*Task details*
Only one range belongs in the answer: the line holding "with I(3) show" through the last line of the records, reproduced as is.
*** Data to examine Section Begins ***
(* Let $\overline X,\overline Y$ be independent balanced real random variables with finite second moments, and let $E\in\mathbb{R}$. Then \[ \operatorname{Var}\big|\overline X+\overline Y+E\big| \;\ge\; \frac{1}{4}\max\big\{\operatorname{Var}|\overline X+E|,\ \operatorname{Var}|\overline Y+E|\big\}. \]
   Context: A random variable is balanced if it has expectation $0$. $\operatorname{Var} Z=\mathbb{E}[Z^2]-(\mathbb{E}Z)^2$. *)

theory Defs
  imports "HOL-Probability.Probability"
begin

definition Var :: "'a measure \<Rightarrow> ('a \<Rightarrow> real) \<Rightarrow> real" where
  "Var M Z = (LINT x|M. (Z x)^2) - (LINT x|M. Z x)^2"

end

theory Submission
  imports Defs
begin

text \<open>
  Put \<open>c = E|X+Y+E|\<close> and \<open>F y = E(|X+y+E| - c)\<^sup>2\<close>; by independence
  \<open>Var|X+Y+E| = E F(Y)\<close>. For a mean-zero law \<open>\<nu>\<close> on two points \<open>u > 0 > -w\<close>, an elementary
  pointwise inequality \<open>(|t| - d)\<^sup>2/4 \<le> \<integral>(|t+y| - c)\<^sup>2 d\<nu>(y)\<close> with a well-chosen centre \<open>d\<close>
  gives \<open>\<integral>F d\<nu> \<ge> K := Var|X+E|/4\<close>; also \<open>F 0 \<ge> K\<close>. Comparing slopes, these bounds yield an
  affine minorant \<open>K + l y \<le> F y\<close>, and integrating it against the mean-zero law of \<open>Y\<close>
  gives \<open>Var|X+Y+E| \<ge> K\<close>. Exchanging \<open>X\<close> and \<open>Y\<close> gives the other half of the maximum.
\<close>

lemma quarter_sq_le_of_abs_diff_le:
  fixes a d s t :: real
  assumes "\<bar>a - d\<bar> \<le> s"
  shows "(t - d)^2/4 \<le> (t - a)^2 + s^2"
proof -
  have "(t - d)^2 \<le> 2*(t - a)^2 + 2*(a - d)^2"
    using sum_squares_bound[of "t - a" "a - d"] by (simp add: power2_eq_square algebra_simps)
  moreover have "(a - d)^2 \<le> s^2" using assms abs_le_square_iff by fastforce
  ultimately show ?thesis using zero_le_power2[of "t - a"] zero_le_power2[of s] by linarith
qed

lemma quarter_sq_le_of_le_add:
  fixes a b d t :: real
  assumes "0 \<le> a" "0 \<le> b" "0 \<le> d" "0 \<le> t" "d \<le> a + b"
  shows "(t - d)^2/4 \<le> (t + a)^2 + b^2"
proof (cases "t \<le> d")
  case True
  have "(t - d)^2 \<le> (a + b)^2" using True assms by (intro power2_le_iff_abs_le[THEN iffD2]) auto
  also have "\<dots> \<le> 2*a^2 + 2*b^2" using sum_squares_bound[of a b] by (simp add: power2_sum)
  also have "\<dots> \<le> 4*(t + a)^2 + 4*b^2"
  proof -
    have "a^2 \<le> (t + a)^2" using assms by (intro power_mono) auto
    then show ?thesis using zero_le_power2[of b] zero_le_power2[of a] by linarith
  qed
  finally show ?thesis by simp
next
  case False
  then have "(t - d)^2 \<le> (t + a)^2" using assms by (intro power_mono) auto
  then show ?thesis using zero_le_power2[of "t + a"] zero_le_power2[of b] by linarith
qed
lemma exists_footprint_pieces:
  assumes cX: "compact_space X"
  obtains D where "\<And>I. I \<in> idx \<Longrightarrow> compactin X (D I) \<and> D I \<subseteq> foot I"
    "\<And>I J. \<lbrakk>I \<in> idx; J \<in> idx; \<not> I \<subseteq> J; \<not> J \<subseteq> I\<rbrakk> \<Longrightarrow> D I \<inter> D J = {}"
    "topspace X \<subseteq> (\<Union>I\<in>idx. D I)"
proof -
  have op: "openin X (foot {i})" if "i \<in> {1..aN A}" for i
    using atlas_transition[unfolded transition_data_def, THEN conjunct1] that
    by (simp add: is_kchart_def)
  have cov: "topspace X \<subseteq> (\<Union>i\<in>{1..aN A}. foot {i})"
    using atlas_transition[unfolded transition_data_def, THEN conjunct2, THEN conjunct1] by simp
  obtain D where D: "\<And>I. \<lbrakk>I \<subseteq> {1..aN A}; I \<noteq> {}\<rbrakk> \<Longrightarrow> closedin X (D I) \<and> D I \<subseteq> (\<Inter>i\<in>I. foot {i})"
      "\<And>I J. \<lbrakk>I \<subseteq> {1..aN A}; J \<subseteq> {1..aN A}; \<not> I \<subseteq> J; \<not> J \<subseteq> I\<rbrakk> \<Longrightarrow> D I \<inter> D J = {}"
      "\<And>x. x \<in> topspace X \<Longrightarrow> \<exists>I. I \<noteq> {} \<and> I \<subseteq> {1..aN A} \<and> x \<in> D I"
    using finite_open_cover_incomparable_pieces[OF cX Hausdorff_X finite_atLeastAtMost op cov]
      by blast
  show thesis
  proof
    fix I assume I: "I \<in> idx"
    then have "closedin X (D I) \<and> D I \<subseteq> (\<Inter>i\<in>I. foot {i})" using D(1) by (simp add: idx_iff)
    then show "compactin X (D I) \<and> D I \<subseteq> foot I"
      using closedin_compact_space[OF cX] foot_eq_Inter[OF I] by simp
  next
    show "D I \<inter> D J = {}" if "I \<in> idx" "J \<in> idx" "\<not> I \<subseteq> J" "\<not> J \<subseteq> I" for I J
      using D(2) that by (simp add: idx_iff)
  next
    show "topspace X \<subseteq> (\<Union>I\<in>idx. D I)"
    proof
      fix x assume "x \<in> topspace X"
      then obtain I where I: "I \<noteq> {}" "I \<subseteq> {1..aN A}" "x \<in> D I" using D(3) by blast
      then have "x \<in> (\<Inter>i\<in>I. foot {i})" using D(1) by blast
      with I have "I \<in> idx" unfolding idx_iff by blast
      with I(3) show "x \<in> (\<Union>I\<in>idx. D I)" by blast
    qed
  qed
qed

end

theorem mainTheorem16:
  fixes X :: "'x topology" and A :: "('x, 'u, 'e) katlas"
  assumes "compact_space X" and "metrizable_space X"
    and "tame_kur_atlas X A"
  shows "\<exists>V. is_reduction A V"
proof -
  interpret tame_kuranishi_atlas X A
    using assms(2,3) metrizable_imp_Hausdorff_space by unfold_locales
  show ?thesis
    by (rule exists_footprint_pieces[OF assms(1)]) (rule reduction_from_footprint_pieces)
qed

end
*** Data to examine Section Ends ***
*Answer for this exercise*
      with I(3) show "x \<in> (\<Union>I\<in>idx. D I)" by blast
    qed
  qed
qed

end

theorem mainTheorem16:
  fixes X :: "'x topology" and A :: "('x, 'u, 'e) katlas"
  assumes "compact_space X" and "metrizable_space X"
    and "tame_kur_atlas X A"
  shows "\<exists>V. is_reduction A V"
proof -
  interpret tame_kuranishi_atlas X A
    using assms(2,3) metrizable_imp_Hausdorff_space by unfold_locales
  show ?thesis
    by (rule exists_footprint_pieces[OF assms(1)]) (rule reduction_from_footprint_pieces)
qed

end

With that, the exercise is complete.